Fact Check: Over 100,000 Children Are NOT In Serious Condition From COVID-19 As Supreme Court Justice Said

Fact Check

  • by: Ed Payne
Fact Check: Over 100,000 Children Are NOT In Serious Condition From COVID-19 As Supreme Court Justice Said Fact Check: Over 100,000 Children Are NOT In Serious Condition From COVID-19 As Supreme Court Justice Said Inflated #s

Are over 100,000 children in serious condition because of COVID-19? No, that's not true: Supreme Court Justice Sonia Sotomayor overstated the pandemic's toll on children 17 and under during Supreme Court oral arguments on January 7, 2022. As of that date, fewer than 85,000 people ages 0 to 17 had been admitted to the hospital during the whole pandemic because of the virus -- from August 2020 through early January 2022, according to the Centers for Disease Control and Prevention's COVID Data Tracker. Severe illness due to COVID-19 is uncommon among children, the American Academy of Pediatrics (AAP) said in a report dated December 30, 2021.

The claim appeared in a video (archived here) where it was published by NowThis News on January 7, 2022, under the title "Supreme Court Oral Arguments on President Biden's Workplace Vaccine Mandate I LIVE." The video description said:

The Supreme Court will convene for oral arguments on President Joe Biden's COVID-19 vaccine and testing mandates for health care workers and large employers with at least 100 workers.

Click below to watch the video on YouTube:

Sotomayor's comments came during oral arguments challenging the Biden administration's COVID-19 vaccine-or-test mandate for large employers with 100 or more employees. During those arguments, she said:

We have over 100,000 children, which we've never had before, in serious condition, and many on ventilators (due to coronavirus).
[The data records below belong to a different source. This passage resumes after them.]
lemma a_Suc_neq: "a (i + 1) \<noteq> a i"
  using M_step[of i] Ms_step[of i] disjoint by (auto simp: insert_commute)

text \<open>
  Applying the two matchings to \<open>a\<^sub>i = b\<^sub>i\<^sub>+\<^sub>d\<close> gives \<open>a\<^sub>i\<^sub>+\<^sub>1 = b\<^sub>i\<^sub>+\<^sub>d\<^sub>-\<^sub>1\<close>,
  so the gap shrinks by two until it reaches \<open>0\<close> or \<open>-1\<close>, where the matchings forbid it.
\<close>
lemma a_neq_b_add: "a i \<noteq> b (i + d)"
proof (induction d arbitrary: i rule: less_induct)
  case (less d)
  show ?case
  proof
    assume eq: "a i = b (i + d)"
    show False
    proof (cases d)
      case 0
      then show False using eq matched_neq[OF pm_Ms Ms_step] by simp
    next
      case (Suc d')
      have "a (Suc (i + d')) = b i" using Ms_swap[OF eq] Suc by simp
      then have eq': "a (Suc i) = b (i + d')" using M_swap by metis
      show False
      proof (cases d')
        case 0
        then show False using eq' matched_neq[OF pm_M M_step[of i]] by simp
      next
        case (Suc d'')
        then show False using eq' less.IH[of d'' "Suc i"] \<open>d = Suc d'\<close> by simp
      qed
    qed
  qed
qed

lemma a_neq_b: "a i \<noteq> b j"
proof (cases "i \<le> j")
  case True
  then show ?thesis using a_neq_b_add[of i "j - i"] by simp
next
  case False
  then obtain d where i: "i = Suc (j + d)" using less_iff_Suc_add[of j i] by auto
  show ?thesis
  proof
    assume "a i = b j"
    then have eq: "a (Suc j) = b (j + d)" using M_swap[of "j + d" j] i by simp
    show False
    proof (cases d)
      case 0
      then show False using eq matched_neq[OF pm_M M_step[of j]] by simp
    next
      case (Suc d')
      then show False using eq a_neq_b_add[of "Suc j" d'] by simp
    qed
  qed
qed

lemma b_neq_a: "b j \<noteq> a i"
  using a_neq_b by metis

lemma M_step_add: "{b i, a (i + 1)} \<in> M"
  using M_step by simp

lemma Ms_edge: "{a i, b i} \<in> E"
  using Ms_step induced_perfect_matching_subset[OF pm_Ms] by blast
This is what the CDC's COVID Data Tracker looked like for that age group (0-17) from August 1, 2020, through January 7, 2022:

CDC screenshot.png

(Source: CDC website screenshot taken on Mon Jan 10 16:47:23 2022 UTC)

New hospital admissions have been spiking since the beginning of December 2021, just a few weeks after the omicron variant was identified in South Africa. Still, Sotomayor's numbers were a gross overstatement of what was taking place in American hospitals around that time, according to HealthData.gov, which updates its numbers daily. On January 10, 2022, confirmed or suspected COVID hospitalizations in children totaled 4,661, according to individual state numbers from HealthData.gov Lead Stories compiled. The daily number was less than 5% of the figure cited by the Supreme Court justice.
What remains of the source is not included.